Startup Funding Justification

N/A

  • Milestone: 1

Amount (USD): 3,750
Expected Completion Date: 2026-07-15

User Stories:

  • As someone who creates hardware wallets, I need a straightforward plan for testing so I can see what each test is checking for. This way, I can make sure my wallet is safe and works well.
  • As a reviewer, I want a short threat model so that I can evaluate the project scope without treating it as an audit or certification tool.

Deliverables:

  • THREAT_MODEL.md

  • fixtures/schema.json

  • repository structure

  • expected-result vocabulary

  • 4 seed fixtures
    Acceptance Criteria:

  • We assume that the host wallet or companion app can’t be trusted to keep our information safe.

  • The setup plan allows for both good and bad test scenarios.
    The collection has a minimum of four fixtures.

  • Every difficult or opposing situation comes with a predicted reason for why it might not work out.

  • Milestone: 2

Amount (USD): 4,750
Expected Completion Date: 2026-07-29

User Stories:

  • As a signer implementer, I want a CLI runner so that I can test fixtures against a signer adapter.
  • When I’m checking things, I want to get reports in Markdown and JSON so I can see which cases worked, which didn’t, and which ones couldn’t be checked.
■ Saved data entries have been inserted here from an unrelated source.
(* Let $\sigma_n(s):=-H_n\!\left(-\frac{s}{n^2}\right)$, and suppose that, as $n\to\infty$ with $s$ fixed (so $t=-s/n^2\to0$), $\sigma_n(s)$ together with its first and second derivatives in $s$ converge to a twice differentiable function $\sigma(s)$ and its derivatives. Then $\sigma$ satisfies the Jimbo–Miwa–Okamoto $\sigma$-form of Painlevé III $$(s\sigma''(s))^2=4\sigma'(s)(\sigma'(s)-1)(\sigma(s)-s\sigma'(s))+(\nu_1\sigma'(s)-\nu_2)^2,\qquad \nu_1=\alpha+\gamma,\ \nu_2=\gamma.$$
   Context: Fix $\alpha,\beta,\gamma>0$ and real constants $A,B$ with $A\ge0$, $A+B\ge0$, not both $A$ and $A+B$ equal to $0$. Let $\theta$ be the Heaviside function. For $t$ put $w(x,t)=x^{\alpha}(1-x)^{\beta}|x-t|^{\gamma}(A+B\theta(x-t))$ on $[0,1]$, let $D_n(t)=\det\left(\int_0^1x^{i+j}w(x,t)dx\right)_{i,j=0}^{n-1}$, and $H_n(t)=t(t-1)\frac{d}{dt}\ln D_n(t)$; $H_n$ satisfies the second-order ODE (in $t$) $t^2(t-1)^2(H_n'')^2+4t(t-1)(H_n')^3-\{4(2t-1)H_n+[4n^2+4n(\alpha+\beta+\gamma)+(\alpha+\beta)^2]t^2-2[2n^2+2n(\alpha+\beta+\gamma)+\alpha(\alpha+\gamma)+\beta(\alpha-\gamma)]t+(\alpha+\gamma)^2\}(H_n')^2+2\{2H_n^2+[(4n^2+4n(\alpha+\beta+\gamma)+(\alpha+\beta)^2)t-2n^2-2n(\alpha+\beta+\gamma)-\alpha(\alpha+\gamma)-\beta(\alpha-\gamma)]H_n-n\gamma(n+\alpha+\beta+\gamma)[(\alpha-\beta)t-\alpha-\gamma]\}H_n'-[4n^2+4n(\alpha+\beta+\gamma)+(\alpha+\beta)^2]H_n^2+2n\gamma(\alpha-\beta)(n+\alpha+\beta+\gamma)H_n-n^2\gamma^2(n+\alpha+\beta+\gamma)^2=0$, and the theorem concerns the double-scaling limit of this equation. *)

theory Defs
  imports "HOL-Analysis.Analysis"
begin

text \<open>Left-hand side of the second-order ODE satisfied by H_n(t), written with
  h = H_n(t), h1 = H_n'(t), h2 = H_n''(t) and N = n.\<close>
definition ode_lhs :: "real \<Rightarrow> real \<Rightarrow> real \<Rightarrow> real \<Rightarrow> real \<Rightarrow> real \<Rightarrow> real \<Rightarrow> real \<Rightarrow> real" where
  "ode_lhs N \<alpha> \<beta> \<gamma> t h h1 h2 =
     t^2 * (t - 1)^2 * h2^2 + 4 * t * (t - 1) * h1^3
   - (4 * (2*t - 1) * h
      + (4*N^2 + 4*N*(\<alpha>+\<beta>+\<gamma>) + (\<alpha>+\<beta>)^2) * t^2
      - 2 * (2*N^2 + 2*N*(\<alpha>+\<beta>+\<gamma>) + \<alpha>*(\<alpha>+\<gamma>) + \<beta>*(\<alpha>-\<gamma>)) * t
      + (\<alpha>+\<gamma>)^2) * h1^2
   + 2 * (2 * h^2
      + ((4*N^2 + 4*N*(\<alpha>+\<beta>+\<gamma>) + (\<alpha>+\<beta>)^2) * t
         - 2*N^2 - 2*N*(\<alpha>+\<beta>+\<gamma>) - \<alpha>*(\<alpha>+\<gamma>) - \<beta>*(\<alpha>-\<gamma>)) * h
      - N * \<gamma> * (N+\<alpha>+\<beta>+\<gamma>) * ((\<alpha>-\<beta>) * t - \<alpha> - \<gamma>)) * h1
   - (4*N^2 + 4*N*(\<alpha>+\<beta>+\<gamma>) + (\<alpha>+\<beta>)^2) * h^2
   + 2 * N * \<gamma> * (\<alpha>-\<beta>) * (N+\<alpha>+\<beta>+\<gamma>) * h
   - N^2 * \<gamma>^2 * (N+\<alpha>+\<beta>+\<gamma>)^2"

definition sigma_n :: "(nat \<Rightarrow> real \<Rightarrow> real) \<Rightarrow> nat \<Rightarrow> real \<Rightarrow> real" where
  "sigma_n H n s = - H n (- s / (real n)^2)"

end

theory Submission
  imports Defs
begin

text \<open>Substituting \<open>t = -s/n\<^sup>2\<close>, \<open>H\<^sub>n = -\<sigma>\<^sub>n\<close>, \<open>H\<^sub>n' = n\<^sup>2 \<sigma>\<^sub>n'\<close>, \<open>H\<^sub>n'' = -n\<^sup>4 \<sigma>\<^sub>n''\<close> into the ODE
  and multiplying by \<open>n\<^sup>-\<^sup>4\<close> gives a polynomial identity in \<open>x = 1/n\<close> whose coefficients stay
  bounded. Since \<open>\<sigma>\<^sub>n\<close> and its first two derivatives converge, the identity passes to the limit
  \<open>x \<rightarrow> 0\<close>, where it is exactly the \<open>\<sigma>\<close>-form of Painlev\'e III.\<close>

definition ode_scaled :: "real \<Rightarrow> real \<Rightarrow> real \<Rightarrow> real \<Rightarrow> real \<Rightarrow> real \<Rightarrow> real \<Rightarrow> real \<Rightarrow> real" where
  "ode_scaled \<alpha> \<beta> \<gamma> s x a b c =
    (let k = 4 + 4*(\<alpha>+\<beta>+\<gamma>)*x + (\<alpha>+\<beta>)^2*x^2;
         l = 2 + 2*(\<alpha>+\<beta>+\<gamma>)*x + (\<alpha>*(\<alpha>+\<gamma>) + \<beta>*(\<alpha>-\<gamma>))*x^2;
         q = \<gamma>*(1 + (\<alpha>+\<beta>+\<gamma>)*x)
     in s^2*(1+s*x^2)^2*c^2 + 4* s*(1+s*x^2)*b^3
        - (4*a*(1+2* s*x^2) + k* s^2*x^2 + 2*l* s + (\<alpha>+\<gamma>)^2)*b^2
        + 2*(2*a^2*x^2 + a*(k* s*x^2+l) + q*((\<alpha>-\<beta>)* s*x^2 + \<alpha> + \<gamma>))*b
        - k*x^2*a^2 - 2*(\<alpha>-\<beta>)*q*x^2*a - q^2)"

lemma ode_lhs_rescale:
  assumes "N * x = 1"
  shows "x^4 * ode_lhs N \<alpha> \<beta> \<gamma> (-s*x^2) (-a) (N^2*b) (-(N^4*c)) = ode_scaled \<alpha> \<beta> \<gamma> s x a b c"
  using assms unfolding ode_lhs_def ode_scaled_def Let_def by algebra

lemma ode_scaled_at_zero:
  "ode_scaled \<alpha> \<beta> \<gamma> s 0 a b c =
     (s*c)^2 - (4*b*(b-1)*(a - s*b) + ((\<alpha>+\<gamma>)*b - \<gamma>)^2)"
  unfolding ode_scaled_def Let_def by (simp add: algebra_simps power2_eq_square power3_eq_cube)

lemma tendsto_ode_scaled:
  assumes "(x \<longlongrightarrow> x0) F" "(a \<longlongrightarrow> a0) F" "(b \<longlongrightarrow> b0) F" "(c \<longlongrightarrow> c0) F"
  shows "((\<lambda>n. ode_scaled \<alpha> \<beta> \<gamma> s (x n) (a n) (b n) (c n))
           \<longlongrightarrow> ode_scaled \<alpha> \<beta> \<gamma> s x0 a0 b0 c0) F"
  unfolding ode_scaled_def Let_def by (intro tendsto_intros assms)

lemma DERIV_scale_compose:
  fixes f :: "real \<Rightarrow> real"
  assumes "f differentiable at (k * u)"
  shows "((\<lambda>v. c * f (k * v)) has_real_derivative c * k * deriv f (k * u)) (at u)"
proof -
  have "(f has_real_derivative deriv f (k * u)) (at (k * u))"
    using assms by (simp add: DERIV_deriv_iff_real_differentiable)
  from DERIV_cmult[OF DERIV_chain2[OF this DERIV_cmult_Id[of k u]], of c] show ?thesis
    by (simp add: ac_simps)
qed

lemma deriv2_scale_compose:
  fixes f :: "real \<Rightarrow> real"
  assumes "\<forall>\<^sub>F v in nhds u. f differentiable at (k * v)"
    and "deriv f differentiable at (k * u)"
  shows "deriv (deriv (\<lambda>v. c * f (k * v))) u = c * k^2 * deriv (deriv f) (k * u)"
proof -
  have "\<forall>\<^sub>F v in nhds u. deriv (\<lambda>v. c * f (k * v)) v = (c * k) * deriv f (k * v)"
    using assms(1) by eventually_elim (rule DERIV_imp_deriv[OF DERIV_scale_compose])
  then have "deriv (deriv (\<lambda>v. c * f (k * v))) u = deriv (\<lambda>v. (c * k) * deriv f (k * v)) u"
    by (rule deriv_cong_ev) simp
  also have "\<dots> = c * k * k * deriv (deriv f) (k * u)"
    by (rule DERIV_imp_deriv[OF DERIV_scale_compose[OF assms(2)]])
  finally show ?thesis by (simp add: power2_eq_square mult.assoc)
qed

lemma sigma_n_eq_scale_compose:
  "sigma_n H n = (\<lambda>v. (-1) * H n ((-1/(real n)^2) * v))"
  by (simp add: sigma_n_def fun_eq_iff)

lemma ode_scaled_sigma_n:
  fixes H :: "nat \<Rightarrow> real \<Rightarrow> real"
  assumes H_diff: "\<And>t. t \<noteq> 0 \<Longrightarrow> t \<noteq> 1 \<Longrightarrow> H n differentiable at t \<and> deriv (H n) differentiable at t"
    and H_ode: "\<And>t. t \<noteq> 0 \<Longrightarrow> t \<noteq> 1 \<Longrightarrow>
                  ode_lhs (real n) \<alpha> \<beta> \<gamma> t (H n t) (deriv (H n) t) (deriv (deriv (H n)) t) = 0"
    and n: "n \<ge> 1" and s: "s \<noteq> 0" "s \<noteq> - ((real n)^2)"
  shows "ode_scaled \<alpha> \<beta> \<gamma> s (1 / real n)
           (sigma_n H n s) (deriv (sigma_n H n) s) (deriv (deriv (sigma_n H n)) s) = 0"
proof -
  define k where "k = -1 / (real n)^2"
  define t where "t = k * s"
  have n2: "(real n)^2 > 0" using n by simp
  have t: "t \<noteq> 0" "t \<noteq> 1"
    using s n2 by (auto simp: t_def k_def field_simps)
  have "((\<lambda>v. k * v) \<longlongrightarrow> t) (nhds s)"
    unfolding t_def by (intro tendsto_intros filterlim_ident)
  then have "\<forall>\<^sub>F v in nhds s. k * v \<noteq> 0 \<and> k * v \<noteq> 1"
    using t tendsto_imp_eventually_ne eventually_conj by metis
  then have near: "\<forall>\<^sub>F v in nhds s. H n differentiable at (k * v)"
    by eventually_elim (use H_diff in blast)
  have sigma: "sigma_n H n s = - H n t"
    by (simp add: sigma_n_def t_def k_def)
  have sigma1: "deriv (sigma_n H n) s = - k * deriv (H n) t"
    unfolding sigma_n_eq_scale_compose k_def[symmetric] t_def
    using DERIV_imp_deriv[OF DERIV_scale_compose[of "H n" k s "-1"]] H_diff[OF t] t_def by simp
  have sigma2: "deriv (deriv (sigma_n H n)) s = - (k^2) * deriv (deriv (H n)) t"
    unfolding sigma_n_eq_scale_compose k_def[symmetric] t_def
    using deriv2_scale_compose[OF near, of "-1"] H_diff[OF t] t_def by simp
  have "ode_lhs (real n) \<alpha> \<beta> \<gamma> (-s*(1/real n)^2) (-(sigma_n H n s))
          ((real n)^2 * deriv (sigma_n H n) s) (-((real n)^4 * deriv (deriv (sigma_n H n)) s))
        = ode_lhs (real n) \<alpha> \<beta> \<gamma> t (H n t) (deriv (H n) t) (deriv (deriv (H n)) t)"
  proof -
    have "(real n)^4 = (real n)^2 * (real n)^2" by algebra
    then show ?thesis
      using n2 by (simp add: sigma sigma1 sigma2 t_def k_def power_divide)
  qed
  also have "\<dots> = 0" using H_ode[OF t] .
  finally have "ode_lhs (real n) \<alpha> \<beta> \<gamma> (-s*(1/real n)^2) (-(sigma_n H n s))
      ((real n)^2 * deriv (sigma_n H n) s) (-((real n)^4 * deriv (deriv (sigma_n H n)) s)) = 0" .
  moreover have "real n * (1 / real n) = 1" using n by simp
  ultimately show ?thesis
    using ode_lhs_rescale by (metis mult_zero_right)
qed

theorem theorem4p1:
  fixes \<alpha> \<beta> \<gamma> A B :: real
    and H :: "nat \<Rightarrow> real \<Rightarrow> real"
    and \<sigma> :: "real \<Rightarrow> real"
    and s :: real
  assumes par: "\<alpha> > 0" "\<beta> > 0" "\<gamma> > 0" "A \<ge> 0" "A + B \<ge> 0" "\<not> (A = 0 \<and> A + B = 0)"
    and H_diff: "\<And>n t. n \<ge> 1 \<Longrightarrow> t \<noteq> 0 \<Longrightarrow> t \<noteq> 1 \<Longrightarrow>
                    H n differentiable at t \<and> deriv (H n) differentiable at t"
    and H_ode: "\<And>n t. n \<ge> 1 \<Longrightarrow> t \<noteq> 0 \<Longrightarrow> t \<noteq> 1 \<Longrightarrow>
                    ode_lhs (real n) \<alpha> \<beta> \<gamma> t (H n t) (deriv (H n) t) (deriv (deriv (H n)) t) = 0"
    and s_ne: "s \<noteq> 0"
    and sigma_diff: "\<forall>\<^sub>F u in nhds s. \<sigma> differentiable at u"
    and sigma_diff2: "deriv \<sigma> differentiable at s"
    and lim0: "(\<lambda>n. sigma_n H n s) \<longlonglongrightarrow> \<sigma> s"
    and lim1: "(\<lambda>n. deriv (sigma_n H n) s) \<longlonglongrightarrow> deriv \<sigma> s"
    and lim2: "(\<lambda>n. deriv (deriv (sigma_n H n)) s) \<longlonglongrightarrow> deriv (deriv \<sigma>) s"
  shows "(s * deriv (deriv \<sigma>) s)^2
           = 4 * deriv \<sigma> s * (deriv \<sigma> s - 1) * (\<sigma> s - s * deriv \<sigma> s)
             + ((\<alpha> + \<gamma>) * deriv \<sigma> s - \<gamma>)^2"
proof -
  let ?P = "\<lambda>n. ode_scaled \<alpha> \<beta> \<gamma> s (1 / real n)
              (sigma_n H n s) (deriv (sigma_n H n) s) (deriv (deriv (sigma_n H n)) s)"
  have "\<forall>\<^sub>F n in sequentially. real n > \<bar>s\<bar>"
    by (rule filterlim_real_sequentially[unfolded filterlim_at_top_dense, rule_format])
  moreover have "\<forall>\<^sub>F n in sequentially. n \<ge> 1"
    by (rule eventually_ge_at_top)
  ultimately have "\<forall>\<^sub>F n in sequentially. ?P n = 0"
  proof eventually_elim
    case (elim n)
    then have "real n \<le> (real n)^2" by (simp add: power2_eq_square)
    with elim have "s \<noteq> - ((real n)^2)" by linarith
    with elim show ?case
      using ode_scaled_sigma_n[of H n, OF H_diff H_ode] s_ne by blast
  qed
  then have "?P \<longlonglongrightarrow> 0"
    by (rule tendsto_eventually)
  moreover have "?P \<longlonglongrightarrow> ode_scaled \<alpha> \<beta> \<gamma> s 0 (\<sigma> s) (deriv \<sigma> s) (deriv (deriv \<sigma>) s)"
    using lim_inverse_n lim0 lim1 lim2
    by (intro tendsto_ode_scaled) (simp_all add: inverse_eq_divide)
  ultimately have "ode_scaled \<alpha> \<beta> \<gamma> s 0 (\<sigma> s) (deriv \<sigma> s) (deriv (deriv \<sigma>) s) = 0"
    using LIMSEQ_unique by blast
  then show ?thesis
    by (simp add: ode_scaled_at_zero)
qed

end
This way, I can easily look at the results and understand what’s going on.

Deliverables:

  • CLI runner
  • adapter interface
  • mock signer adapter
  • reference adapter stub
  • Markdown report output
  • JSON report output
  • CI-compatible exit codes

Acceptance Criteria:

  • A reviewer is able to use just one command with the mock adapter.

  • The report displays whether each fixture has passed or failed.

  • Hostile fixtures fail if the adapter reports that a signature was produced.

  • The adapter interface is documented.

  • The example adapter stub demonstrates how to link a signer simulator or an external test runner without needing approval from the vendor.

  • Milestone: 3

Amount (USD): 4,250
Expected Completion Date: 2026-08-12

User Stories:

  • As a hardware-wallet or cold-signing team, I want a focused hostile-companion fixture corpus so that I can test clear-signing failure cases consistently.
  • To make it easier for people like me to help out in the future, I think we need some instructions on how to create new test cases, especially the really tough ones that can cause problems.

Deliverables:

  • 12 total fixtures
  • sample Markdown report
  • sample JSON report
  • adapter guide
  • fixture authoring guide
  • final README
  • final handoff report

Acceptance Criteria:

  • The collection contains a minimum of two reliable standard tests.
  • The collection has a minimum of 10 aggressive or unfriendly companion fixtures.
  • Every difficult or opposing situation we face has a clear reason why it might not work out as planned.
  • Reports are generated in Markdown and JSON.
  • The documentation explains scope, non-goals, setup, adapter usage, and future fixture extension.

Thank you for submitting your proposal. Following a thorough review by the ZCG and a period for community feedback on the forum, the committee has decided not to move forward with this proposal.

We sincerely appreciate the time and effort you invested in your application and encourage you to stay involved and continue contributing to the Zcash community.